Making something as easy as possible to try demonstrates why you need to pay a penny? I don't follow.

pastel8739 13 hours ago | parent [-]

Yes, exactly. Because if you’d paid that penny for a server on the regular internet you would just link to the real site

dspillett 8 hours ago | parent | next [-]

Perhaps. Perhaps not…

A source repo link often gets more traction here than a link to what might turn out to be a closed, probably subscription based, service. The repo's main readme likely links direct to the product/ service/other main location [if the forge isn't being used as that] or demo location [if a public demo instance exists] should that be where I want to go immediately.

Though maybe posting both the repo link and a "live" link would be better still.

smalltorch 9 hours ago | parent | prev [-]

I just happen to not self-host my own code base. But your acting like I paid a penny for that, and self hosting git isn't possible, and we aren't on a forum which exists on the commercial internet.

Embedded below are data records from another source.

lemma multiples_subset_I_M:
  assumes "multiples t x \<subseteq> M"
  shows "multiples t x \<subseteq> I_M t M"
proof -
  define L where "L = {y. \<forall>b. b * y \<in> M}"
  define R where "R = {y. \<forall>c. y * c \<in> M}"
  define T where "T = {y. \<forall>b c. b * y * c \<in> M}"
  have LM: "L \<subseteq> M" and RM: "R \<subseteq> M" and TM: "T \<subseteq> M"
    unfolding L_def R_def T_def by (auto; metis mult_1_left mult_1_right)+
  have L: "z \<in> largest_in left_ideal M" if "z \<in> L" for z
    using mem_largest_in[where P = left_ideal, OF left_ideal_left_absorbed LM[unfolded L_def]] that
    by (simp add: L_def)
  have R: "z \<in> largest_in right_ideal M" if "z \<in> R" for z
    using mem_largest_in[where P = right_ideal, OF right_ideal_right_absorbed RM[unfolded R_def]] that
    by (simp add: R_def)
  have T: "z \<in> largest_in twosided_ideal M" if "z \<in> T" for z
    using mem_largest_in[where P = twosided_ideal, OF twosided_ideal_absorbed TM[unfolded T_def]] that
    by (simp add: T_def)
  have L_absorbs: "b * y \<in> L" if "y \<in> L" for b y
    using that by (simp add: L_def mult.assoc[symmetric])
  have R_absorbs: "y * c \<in> R" if "y \<in> R" for c y
    using that by (simp add: R_def mult.assoc)
  have T_absorbs: "b * y * c \<in> T" if "y \<in> T" for b c y
  proof -
    have "(b' * b) * y * (c * c') \<in> M" for b' c' using that by (simp add: T_def)
    then show ?thesis by (simp add: T_def mult.assoc)
  qed
  show ?thesis
  proof (cases t)
    case LeftT
    with assms have "x \<in> L" by (auto simp: L_def)
    then show ?thesis unfolding LeftT using L L_absorbs by (auto simp: I_M_def)
  next
    case RightT
    with assms have "x \<in> R" by (auto simp: R_def)
    then show ?thesis unfolding RightT using R R_absorbs by (auto simp: I_M_def)
  next
    case PreTwoT
    with assms have "x \<in> L" "x \<in> R" by (auto simp: L_def R_def)
    then have "b * x \<in> largest_in left_ideal M" "x * c \<in> largest_in right_ideal M" for b c
      using L L_absorbs R R_absorbs by blast+
    then show ?thesis unfolding PreTwoT
      using zero_mem_largest_in[of left_ideal M] zero_mem_largest_in[of right_ideal M]
      by (auto simp: I_M_def) (metis add_0_right, metis add_0_left)
  next
    case TwoT
    with assms have "x \<in> T" by (auto simp: T_def)
    then show ?thesis unfolding TwoT using T T_absorbs by (auto simp: I_M_def)
  qed
qed

end

lemma rad_mono: "A \<subseteq> B \<Longrightarrow> rad A \<subseteq> rad B"
  unfolding rad_def by blast

lemma mathieu_radical_multiples_eventually:
  assumes alg: "k_algebra s" and mathieu: "mathieu s t M"
    and algebraic: "\<forall>x\<in>rad M. algebraic_over s x" and "a \<in> rad M"
  shows "\<exists>N. \<forall>m\<ge>N. multiples t (a ^ m) \<subseteq> M"
proof -
  have M: "module.subspace s M" using mathieu by (simp add: mathieu_def)
  obtain N where N: "\<forall>m\<ge>N. a ^ m \<in> M" using \<open>a \<in> rad M\<close> unfolding rad_def by blast
  define x where "x = a ^ Suc N"
  have x_powers: "\<forall>q\<ge>1. x ^ q \<in> M"
  proof (intro allI impI)
    fix q :: nat assume "1 \<le> q"
    then have "Suc N * 1 \<le> Suc N * q" by (rule mult_le_mono2)
    then have "N \<le> Suc N * q" by simp
    then show "x ^ q \<in> M" using N unfolding x_def power_mult[symmetric] by blast
  qed
  then have "mathieu_condition t M x" using mathieu by (simp add: mathieu_iff_mathieu_condition)
  moreover have "x \<in> rad M" using x_powers unfolding rad_def by blast
  then obtain r where "\<And>b c L k. \<forall>m\<ge>L. b * x ^ m * c \<in> M \<Longrightarrow> r \<le> k \<Longrightarrow> b * x ^ k * c \<in> M"
    using algebraic_sandwich_powers_tail_in_subspace[OF alg M] algebraic by blast
  ultimately have x_tail: "\<forall>k\<ge>r. multiples t (x ^ k) \<subseteq> M"
    by (rule multiples_powers_tail_if_mathieu_condition)
  have "multiples t (a ^ m) \<subseteq> M" if "Suc N * r \<le> m" for m
  proof -
    define i where "i = m - Suc N * r"
    have x_r: "x ^ r = a ^ (Suc N * r)" by (simp only: x_def power_mult)
    have "a ^ m = a ^ i * x ^ r" "a ^ i * x ^ r = x ^ r * a ^ i"
      unfolding x_r power_add[symmetric] using that by (simp_all add: i_def add.commute)
    then show ?thesis
      using multiples_commuting_factor_subset[of "a ^ i" "x ^ r" "a ^ i" t] x_tail by auto
  qed
  then show ?thesis by blast
qed

theorem theorem4p10:
  fixes s :: "'k::field \<Rightarrow> 'a::ring_1 \<Rightarrow> 'a"
    and t :: mtype and M V :: "'a set"
  assumes "k_algebra s"
    and "mathieu s t M"
    and "\<forall>a\<in>rad M. algebraic_over s a"
    and "module.subspace s V" and "V \<subseteq> M"
    and "I_M t M \<subseteq> V"
  shows "mathieu s t V \<and> rad V = rad (I_M t M)"
proof -
  have M: "module.subspace s M" using assms(2) by (simp add: mathieu_def)
  interpret vector_space s using assms(1) by (rule k_algebra_vector_space)
  have absorbed: "\<exists>N. \<forall>m\<ge>N. multiples t (a ^ m) \<subseteq> I_M t M" if "a \<in> rad M" for a
    using mathieu_radical_multiples_eventually[OF assms(1-3) that]
      multiples_subset_I_M[OF subspace_0[OF M] subspace_add[OF M]] by blast
  have "rad M \<subseteq> rad (I_M t M)"
    using absorbed self_mem_multiples unfolding rad_def by blast
  then have "rad V = rad (I_M t M)"
    using rad_mono[OF assms(5)] rad_mono[OF assms(6)] by blast
  moreover have "mathieu s t V"
    unfolding mathieu_iff_mathieu_condition
  proof (intro conjI allI impI)
    fix a assume "\<forall>m\<ge>1. a ^ m \<in> V"
    then have "a \<in> rad M" using assms(5) unfolding rad_def by blast
    then show "mathieu_condition t V a"
      using absorbed assms(6) by (meson mathieu_condition_if_multiples_eventually order_trans)
  qed (rule assms(4))
  ultimately show ?thesis by blast
qed

end
(* A ternary matrix $M$ is a (strong) lonesum matrix if and only if each of its $2\times 2$ submatrices is equivalent to a matrix of one of the forms $$\begin{pmatrix}2&2\\c&d\end{pmatrix},\quad \begin{pmatrix}2&b\\2&d\end{pmatrix},\quad \begin{pmatrix}2&b\\c&0\end{pmatrix},\quad \begin{pmatrix}a&b\\0&0\end{pmatrix},\quad \begin{pmatrix}a&0\\c&0\end{pmatrix},$$ where $a,b,c,d\in\{0,1,2\}$.
   Context: A ternary matrix is a matrix with all entries in $\{0,1,2\}$. A ternary $m\times n$ matrix $M$ is a (strong) lonesum matrix if no other ternary $m\times n$ matrix has the same row sums and the same column sums as $M$. A $2\times 2$ submatrix is the matrix formed by the entries in the intersection of two chosen rows and two chosen columns. Two matrices are equivalent if one can be obtained from the other by permuting rows and permuting columns. *)

theory Defs
  imports Main "HOL-Combinatorics.Permutations"
begin

text \<open>An m x n matrix is represented as a function nat => nat => nat; only the
entries with row index < m and column index < n are relevant.\<close>

definition ternary :: "nat \<Rightarrow> nat \<Rightarrow> (nat \<Rightarrow> nat \<Rightarrow> nat) \<Rightarrow> bool" where
  "ternary m n M \<longleftrightarrow> (\<forall>i<m. \<forall>j<n. M i j \<in> {0, 1, 2})"

definition row_sum :: "nat \<Rightarrow> (nat \<Rightarrow> nat \<Rightarrow> nat) \<Rightarrow> nat \<Rightarrow> nat" where
  "row_sum n M i = (\<Sum>j<n. M i j)"

definition col_sum :: "nat \<Rightarrow> (nat \<Rightarrow> nat \<Rightarrow> nat) \<Rightarrow> nat \<Rightarrow> nat" where
  "col_sum m M j = (\<Sum>i<m. M i j)"
(* Let $F_1,F_2$ be analytic in a neighborhood of $1$, let $k,l$ be positive integers, and let $\mathbf a^{l,r}_{i,[2]}$ be the Taylor coefficients $x^lF_2(x)^{l-r}=\sum_{n\ge0}\mathbf a^{l,r}_{n,[2]}(x-1)^n$ at $x=1$ ($0\le r\le l$, $F_2^0\equiv1$). Put $$B_{l,r}(x)=\frac{x^lF_2(x)^{l-r}-\sum_{i=0}^{r-1}\mathbf a^{l,r}_{i,[2]}(x-1)^i}{(x-1)^r},\qquad \mathfrak F_j(z)=\frac1z+1+(1+z)F_j(1+z),\ j=1,2.$$ Then $$k\sum_{q=0}^{k-1}\sum_{r=0}^l\binom lr\binom{k-1}q\frac1{(q+1)!}\partial_x^q\big(x^kF_1(x)^{k-1-q}B'_{l,r}(x)\big)\Big|_{x=1}=\frac1{(2\pi\mathbf i)^2}\oint_{|z|=\epsilon}\oint_{|w|=2\epsilon}\frac{\mathfrak F_1(z)^k\mathfrak F_2(w)^l}{(z-w)^2}dz\,dw,$$ with counter-clockwise contours and $\epsilon>0$ small.
   Context: $B_{l,r}$ is analytic near $x=1$ (removable singularity), and $B'_{l,r}$ denotes its derivative. *)

theory Defs
  imports "HOL-Analysis.Analysis"
begin

(* Counter-clockwise contour integral over the circle |z| = r, written out via the
   standard parametrisation t \<mapsto> r * exp(2 pi i t), t \<in> [0,1] (this is what the
   HOL-Complex_Analysis notion contour_integral (circlepath 0 r) unfolds to). *)
definition circ_int :: "real \<Rightarrow> (complex \<Rightarrow> complex) \<Rightarrow> complex" where
  "circ_int r f = integral {0..1}
     (\<lambda>t::real. f (complex_of_real r * exp (2 * complex_of_real pi * \<i> * complex_of_real t))
        * (2 * complex_of_real pi * \<i> * complex_of_real r * exp (2 * complex_of_real pi * \<i> * complex_of_real t)))"

definition tcoef :: "(complex \<Rightarrow> complex) \<Rightarrow> nat \<Rightarrow> complex" where
  "tcoef g n = (deriv ^^ n) g 1 / of_nat (fact n)"

definition gfun :: "(complex \<Rightarrow> complex) \<Rightarrow> nat \<Rightarrow> nat \<Rightarrow> complex \<Rightarrow> complex" where
  "gfun F2 l r x = x ^ l * F2 x ^ (l - r)"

rglullis 8 hours ago | parent [-]

What a silly deflection. The point is obvious: if it is as trivial as you are saying, why aren't you self-hosting?

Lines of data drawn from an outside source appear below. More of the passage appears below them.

(* Let $n\ge 3$, let $u\in\mathbb{Z}_n^\times$, and let $k$ be an integer with $k\not\equiv 0,1\pmod n$. Consider the set $\mathcal{B}=\binom{\mathbb{Z}_n}{3}-f_{u,ku}$. (1) If $n$ is odd, $\mathcal{B}$ is the set of bases of a matroid on $\mathbb{Z}_n$ if and only if $k\not\equiv -1,\,2,\,\tfrac{n+1}{2}\pmod n$. (2) If $n$ is even, $\mathcal{B}$ is the set of bases of a matroid on $\mathbb{Z}_n$ if and only if $k\not\equiv -1,\,2,\,\tfrac{n}{2},\,\tfrac{n}{2}+1\pmod n$. (Such a matroid is invariant under translation, i.e. corresponds to a three-dimensional tropical subrepresentation of $\mathbb{B}[\mathbb{Z}_n]$.)
   Context: $\mathbb{Z}_n$ acts on $\binom{\mathbb{Z}_n}{3}$ (3-element subsets of $\mathbb{Z}_n$) by $x\cdot\{a,b,c\}=\{x+a,x+b,x+c\}$. For $i,j\in\mathbb{Z}_n$ with $0,i,j$ pairwise distinct, $f_{i,j}=\{\{a,a+i,a+j\}\mid a\in\mathbb{Z}_n\}$, an orbit of this action. $\mathbb{Z}_n^\times$ denotes the units of $\mathbb{Z}_n$. *)

theory Defs
  imports "HOL-Number_Theory.Number_Theory"
begin

text \<open>Z_n is modelled as the set {0..<n} of naturals with arithmetic mod n.\<close>

definition Zn :: "nat \<Rightarrow> nat set" where
  "Zn n = {0..<n}"

definition triples :: "nat \<Rightarrow> nat set set" where
  "triples n = {S. S \<subseteq> Zn n \<and> card S = 3}"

smalltorch 8 hours ago | parent [-]

I am? Just not my codebase lol. I don't see why the two ideas need conflated.

rglullis 7 hours ago | parent [-]

It's a classic "Show, don't tell" example.

If you want to make the point that self-hosting is trivial, then show a site that you are hosting with your setup instead of just pointing to gitlab.

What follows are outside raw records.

(* Let $m\ge1$. The process $(X_s)_{0\le s\le t}$ with values in the dual space $W^{m,2}([0,t])^*$, given by $X_sh=\int_0^s h(u)\,\mathrm{d}Z_u$, is norm-càdlàg: for every sample path, $\|X_{s+\epsilon}-X_s\|\to0$ as $\epsilon\to0+$, and there exists $X_{s-}\in W^{m,2}([0,t])^*$ (namely $X_{s-}h=\int_0^{s-}h(u)\,\mathrm{d}Z_u$) with $\|X_{s-\epsilon}-X_{s-}\|\to0$ as $\epsilon\to0+$.
   Context: $(Z_s)_{0\le s\le t}$ is a real-valued càdlàg semimartingale, $t>0$. For weakly differentiable $h$ on $[0,t]$, stochastic integrals are defined pathwise by $\int_0^s h(u)\,\mathrm{d}Z_u:=h(s)Z_s-h(0)Z_0-\int_0^s Z_{u-}h'(u)\,\mathrm{d}u$ and $\int_0^{s-} h(u)\,\mathrm{d}Z_u:=h(s)Z_{s-}-h(0)Z_0-\int_0^s Z_{u-}h'(u)\,\mathrm{d}u$. $W^{m,2}([0,t])$ is the Sobolev space of functions $m$ times weakly differentiable with $m$-th derivative in $L_2$, equipped with a reproducing kernel Hilbert space norm equivalent to the standard Sobolev norm; $\|\cdot\|$ on the dual is the dual norm. *)

theory Defs
  imports "HOL-Analysis.Analysis"
begin

definition test_fun :: "real \<Rightarrow> (real \<Rightarrow> real) \<Rightarrow> bool" where
  "test_fun t \<phi> \<longleftrightarrow>
     (\<forall>k x. ((deriv ^^ k) \<phi>) differentiable (at x)) \<and>
     (\<exists>a b. 0 < a \<and> a \<le> b \<and> b < t \<and> (\<forall>x. x \<notin> {a..b} \<longrightarrow> \<phi> x = 0))"

definition weak_deriv :: "real \<Rightarrow> (real \<Rightarrow> real) \<Rightarrow> (real \<Rightarrow> real) \<Rightarrow> bool" where
  "weak_deriv t f g \<longleftrightarrow>
     set_integrable lborel {0..t} f \<and> set_integrable lborel {0..t} g \<and>
     (\<forall>\<phi>. test_fun t \<phi> \<longrightarrow>
        (LINT u:{0..t}|lborel. f u * deriv \<phi> u) = - (LINT u:{0..t}|lborel. g u * \<phi> u))"

definition sob_derivs :: "real \<Rightarrow> nat \<Rightarrow> (real \<Rightarrow> real) \<Rightarrow> (nat \<Rightarrow> real \<Rightarrow> real) \<Rightarrow> bool" where
  "sob_derivs t m h D \<longleftrightarrow>
     D 0 = h \<and> (\<forall>k<m. weak_deriv t (D k) (D (Suc k))) \<and>
     (\<forall>k\<le>m. set_borel_measurable lborel {0..t} (D k) \<and>
             set_integrable lborel {0..t} (\<lambda>u. (D k u)\<^sup>2))"

(* Sobolev space W^{m,2}([0,t]); elements are taken as their continuous representatives *)
definition sobolev :: "real \<Rightarrow> nat \<Rightarrow> (real \<Rightarrow> real) set" where
  "sobolev t m = {h. continuous_on {0..t} h \<and> (\<exists>D. sob_derivs t m h D)}"

(* standard Sobolev norm (equivalent to the RKHS norm of the paper) *)
definition sob_norm :: "real \<Rightarrow> nat \<Rightarrow> (real \<Rightarrow> real) \<Rightarrow> real" where
  "sob_norm t m h = (let D = (SOME D. sob_derivs t m h D) in
      sqrt (\<Sum>k\<le>m. LINT u:{0..t}|lborel. (D k u)\<^sup>2))"

definition dual_norm :: "real \<Rightarrow> nat \<Rightarrow> ((real \<Rightarrow> real) \<Rightarrow> real) \<Rightarrow> ereal" where
  "dual_norm t m L = (SUP h \<in> {h \<in> sobolev t m. sob_norm t m h \<le> 1}. ereal \<bar>L h\<bar>)"

definition in_dual :: "real \<Rightarrow> nat \<Rightarrow> ((real \<Rightarrow> real) \<Rightarrow> real) \<Rightarrow> bool" where
  "in_dual t m L \<longleftrightarrow>
     (\<forall>h\<in>sobolev t m. \<forall>g\<in>sobolev t m. \<forall>a b. L (\<lambda>u. a * h u + b * g u) = a * L h + b * L g) \<and>
     dual_norm t m L < \<infinity>"

definition cadlag_on :: "real \<Rightarrow> (real \<Rightarrow> real) \<Rightarrow> bool" where
  "cadlag_on t Z \<longleftrightarrow>
     (\<forall>s\<in>{0..<t}. continuous (at_right s) Z) \<and>
     (\<forall>s\<in>{0<..t}. \<exists>l. (Z \<longlongrightarrow> l) (at_left s))"

definition left_lim :: "(real \<Rightarrow> real) \<Rightarrow> real \<Rightarrow> real" where
  "left_lim Z s = (if s \<le> 0 then Z 0 else Lim (at_left s) Z)"

definition wderiv :: "real \<Rightarrow> (real \<Rightarrow> real) \<Rightarrow> real \<Rightarrow> real" where
  "wderiv t h = (SOME g. weak_deriv t h g)"

definition pw_int :: "real \<Rightarrow> (real \<Rightarrow> real) \<Rightarrow> real \<Rightarrow> (real \<Rightarrow> real) \<Rightarrow> real" where
  "pw_int t Z s h = h s * Z s - h 0 * Z 0 - (LINT u:{0..s}|lborel. left_lim Z u * wderiv t h u)"

definition pw_int_left :: "real \<Rightarrow> (real \<Rightarrow> real) \<Rightarrow> real \<Rightarrow> (real \<Rightarrow> real) \<Rightarrow> real" where
  "pw_int_left t Z s h = h s * left_lim Z s - h 0 * Z 0 - (LINT u:{0..s}|lborel. left_lim Z u * wderiv t h u)"

end

theory Submission
  imports Defs
begin

text \<open>
  On the unit ball
  of \<open>W\<^sup>m\<^sup>,\<^sup>2\<close> with \<open>m \<ge> 1\<close> the weak derivative has \<open>L\<^sup>2\<close>-norm at most 1, so by the
  fundamental theorem of calculus for weak derivatives and Cauchy-Schwarz every \<open>h\<close> is
  \<open>1/2\<close>-Hoelder with constant 1 and uniformly bounded by a constant \<open>C\<^sub>t\<close>. If \<open>M\<close> bounds the
  path, this gives \<open>\<bar>(h(b) w - \<integral>\<^sub>0\<^sup>b \<dots>) - (h(a) v - \<integral>\<^sub>0\<^sup>a \<dots>)\<bar> \<le> 2 M \<surd>(b - a) + C\<^sub>t \<bar>w - v\<bar>\<close>
  uniformly on the unit ball, and the cadlag property of \<open>Z\<close> makes the right-hand side
  vanish for \<open>(a, b, v, w) = (s, s + \<epsilon>, Z\<^sub>s, Z\<^sub>s\<^sub>+\<^sub>\<epsilon>)\<close> and \<open>(s - \<epsilon>, s, Z\<^sub>s\<^sub>-\<^sub>\<epsilon>, Z\<^sub>s\<^sub>-)\<close>.

  The fundamental theorem \<open>h(d) - h(c) = \<integral>\<^sub>c\<^sup>d h'\<close> for continuous \<open>h\<close> is obtained by testing the weak
  derivative against smooth plateau functions converging to the indicator of \<open>(c, d)\<close>, whose
  derivatives are approximate identities at \<open>c\<close> and \<open>d\<close>. It also shows that weak derivatives of
  continuous functions are unique almost everywhere, which is what makes the derivative picked
  by Hilbert's choice operator in \<open>wderiv\<close> usable.
\<close>

definition smooth_upto :: "nat \<Rightarrow> (real \<Rightarrow> real) \<Rightarrow> bool" where
  "smooth_upto n f \<longleftrightarrow> (\<forall>j<n. \<forall>x. ((deriv ^^ j) f) differentiable (at x))"

definition smooth :: "(real \<Rightarrow> real) \<Rightarrow> bool" where
  "smooth f \<longleftrightarrow> (\<forall>k x. ((deriv ^^ k) f) differentiable (at x))"

lemma deriv_eqI: "(\<And>x. (f has_real_derivative f' x) (at x)) \<Longrightarrow> deriv f = f'"
  by (rule ext) (simp add: DERIV_imp_deriv)

lemma smooth_upto_0 [simp]: "smooth_upto 0 f"
  by (simp add: smooth_upto_def)

lemma funpow_deriv_Suc: "(deriv ^^ Suc j) f = (deriv ^^ j) (deriv f)"
  by (simp add: funpow_Suc_right del: funpow.simps)

lemma smooth_upto_Suc:
  "smooth_upto (Suc n) f \<longleftrightarrow> (\<forall>x. f differentiable (at x)) \<and> smooth_upto n (deriv f)"
proof
  assume f: "smooth_upto (Suc n) f"
  show "(\<forall>x. f differentiable (at x)) \<and> smooth_upto n (deriv f)"
  proof
    show "\<forall>x. f differentiable (at x)"
      using f[unfolded smooth_upto_def, rule_format, of 0] by simp
    show "smooth_upto n (deriv f)"
      unfolding smooth_upto_def
    proof (intro allI impI)
      fix j x assume "j < n"
      then show "(deriv ^^ j) (deriv f) differentiable (at x)"
        using f[unfolded smooth_upto_def, rule_format, of "Suc j" x]
        by (simp add: funpow_deriv_Suc del: funpow.simps)
    qed
  qed
next
  assume f: "(\<forall>x. f differentiable (at x)) \<and> smooth_upto n (deriv f)"
  show "smooth_upto (Suc n) f"
    unfolding smooth_upto_def
  proof (intro allI impI)
    fix j x assume "j < Suc n"
    then show "(deriv ^^ j) f differentiable (at x)"
      using f unfolding smooth_upto_def
      by (cases j) (auto simp: funpow_deriv_Suc simp del: funpow.simps)
  qed
qed

lemma smooth_iff_smooth_upto: "smooth f \<longleftrightarrow> (\<forall>n. smooth_upto n f)"
  unfolding smooth_def smooth_upto_def by (meson lessI)

lemma smooth_iff_deriv: "smooth f \<longleftrightarrow> (\<forall>x. f differentiable (at x)) \<and> smooth (deriv f)"
  unfolding smooth_iff_smooth_upto
proof
  assume "\<forall>n. smooth_upto n f"
  then show "(\<forall>x. f differentiable (at x)) \<and> (\<forall>n. smooth_upto n (deriv f))"
    using smooth_upto_Suc by blast
next
  assume f: "(\<forall>x. f differentiable (at x)) \<and> (\<forall>n. smooth_upto n (deriv f))"
  show "\<forall>n. smooth_upto n f"
  proof
    fix n show "smooth_upto n f" using f by (cases n) (auto simp: smooth_upto_Suc)
  qed
qed

lemma deriv_add_fun:
  fixes f g :: "real \<Rightarrow> real"
  assumes "\<forall>x. f differentiable (at x)" "\<forall>x. g differentiable (at x)"
  shows "deriv (\<lambda>x. f x + g x) = (\<lambda>x. deriv f x + deriv g x)"
proof (rule deriv_eqI)
  fix x
  have "(f has_real_derivative deriv f x) (at x)" "(g has_real_derivative deriv g x) (at x)"
    using assms DERIV_deriv_iff_real_differentiable by blast+
  then show "((\<lambda>x. f x + g x) has_real_derivative deriv f x + deriv g x) (at x)"
    by (rule DERIV_add)
qed

lemma deriv_mult_fun:
  fixes f g :: "real \<Rightarrow> real"
  assumes "\<forall>x. f differentiable (at x)" "\<forall>x. g differentiable (at x)"
  shows "deriv (\<lambda>x. f x * g x) = (\<lambda>x. deriv f x * g x + f x * deriv g x)"
proof (rule deriv_eqI)
  fix x
  have "(f has_real_derivative deriv f x) (at x)" "(g has_real_derivative deriv g x) (at x)"
    using assms DERIV_deriv_iff_real_differentiable by blast+
  from DERIV_mult[OF this]
  show "((\<lambda>x. f x * g x) has_real_derivative deriv f x * g x + f x * deriv g x) (at x)"
    by (simp add: mult.commute)
qed

lemma deriv_cmult_fun:
  fixes f :: "real \<Rightarrow> real"
  assumes "\<forall>x. f differentiable (at x)"
  shows "deriv (\<lambda>x. c * f x) = (\<lambda>x. c * deriv f x)"
proof (rule deriv_eqI)
  fix x
  have "(f has_real_derivative deriv f x) (at x)"
    using assms DERIV_deriv_iff_real_differentiable by blast
  from DERIV_cmult[OF this] show "((\<lambda>x. c * f x) has_real_derivative c * deriv f x) (at x)" .
qed

lemma deriv_affine_fun:
  fixes f :: "real \<Rightarrow> real"
  assumes "\<forall>x. f differentiable (at x)"
  shows "deriv (\<lambda>x. f (a * x + b)) = (\<lambda>x. a * deriv f (a * x + b))"
proof (rule deriv_eqI)
  fix x
  have f': "(f has_real_derivative deriv f (a * x + b)) (at (a * x + b))"
    using assms by (simp add: DERIV_deriv_iff_real_differentiable)
  have "((\<lambda>x. a * x + b) has_real_derivative a) (at x)"
    by (auto intro!: derivative_eq_intros)
  from DERIV_chain2[OF f' this]
  show "((\<lambda>x. f (a * x + b)) has_real_derivative a * deriv f (a * x + b)) (at x)"
    by (simp add: mult.commute)
qed

lemma smooth_upto_add:
  fixes f g :: "real \<Rightarrow> real"
  shows "smooth_upto n f \<Longrightarrow> smooth_upto n g \<Longrightarrow> smooth_upto n (\<lambda>x. f x + g x)"
proof (induction n arbitrary: f g)
  case (Suc n)
  have f: "\<forall>x. f differentiable (at x)" "smooth_upto n (deriv f)"
    and g: "\<forall>x. g differentiable (at x)" "smooth_upto n (deriv g)"
    using Suc.prems smooth_upto_Suc by blast+
  have "smooth_upto n (\<lambda>x. deriv f x + deriv g x)"
    using Suc.IH f g by blast
  moreover have "\<forall>x. (\<lambda>x. f x + g x) differentiable (at x)"
    using f g by simp
  ultimately show ?case
    unfolding smooth_upto_Suc deriv_add_fun[OF f(1) g(1)] by blast
qed simp

lemma smooth_upto_cmult:
  fixes f :: "real \<Rightarrow> real"
  shows "smooth_upto n f \<Longrightarrow> smooth_upto n (\<lambda>x. c * f x)"
proof (induction n arbitrary: f)
  case (Suc n)
  have f: "\<forall>x. f differentiable (at x)" "smooth_upto n (deriv f)"
    using Suc.prems smooth_upto_Suc by blast+
  have "smooth_upto n (\<lambda>x. c * deriv f x)"
    using Suc.IH f by blast
  moreover have "\<forall>x. (\<lambda>x. c * f x) differentiable (at x)"
    using f by simp
  ultimately show ?case
    unfolding smooth_upto_Suc deriv_cmult_fun[OF f(1)] by blast
qed simp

smalltorch 7 hours ago | parent [-]

Ok, well here is an example of how easy it would be to set up your own torum for instance. 3 or 4 commands and it's up.

https://nonogra.ph/running-a-website-inside-a-website-07-15-...

I don't feel the need or want to share my services with the world to demonstrate that.

inigyou 7 hours ago | parent [-]

Why did you still not post an onion link? It's as if you feel people don't like onion links. Which is true, and it's why people don't post onion links.

smalltorch 6 hours ago | parent [-]

Does it not demonstrate the trivialness of it which was the case I'm making?

I simply do not want to announce my address here, it's ancillary to the discussion...you shed a layer of security by deciding to make your address public, non of which would benefit the whole point of any of the services I linked.

Circling back to the main discussion of indie web, tor is a great alternative if your circle of visitors is of reasonable size and you want a place outside of the commercialized internet. It's available to anyone.

Paying the penny will certainly give you robustness and reliability...but honestly that's part of the fun of indie web.

inigyou 5 hours ago | parent [-]

It demonstrates that you don't actually believe onion links are viable.

msm_ 3 hours ago | parent [-]

GP said:

>you shed a layer of security by deciding to make your address public, non of which would benefit the whole point

It's possible to host something with no intention of making it internet-public. I also have services like that, that I only use myself or with friends. GP argument is that they don't want to share the onion link to their website, because (bluntly) we are not invited. Onion domains are actually relatively private (i mean unguessable - unlike clearnet domains), so it's possible to host private websites without any additional authorization.

Having said that, onion links carry a implicit baggage, so while I think they're great for sharing things with (technical) friends or a private VPN, they're probably not the best way to host services intended for public.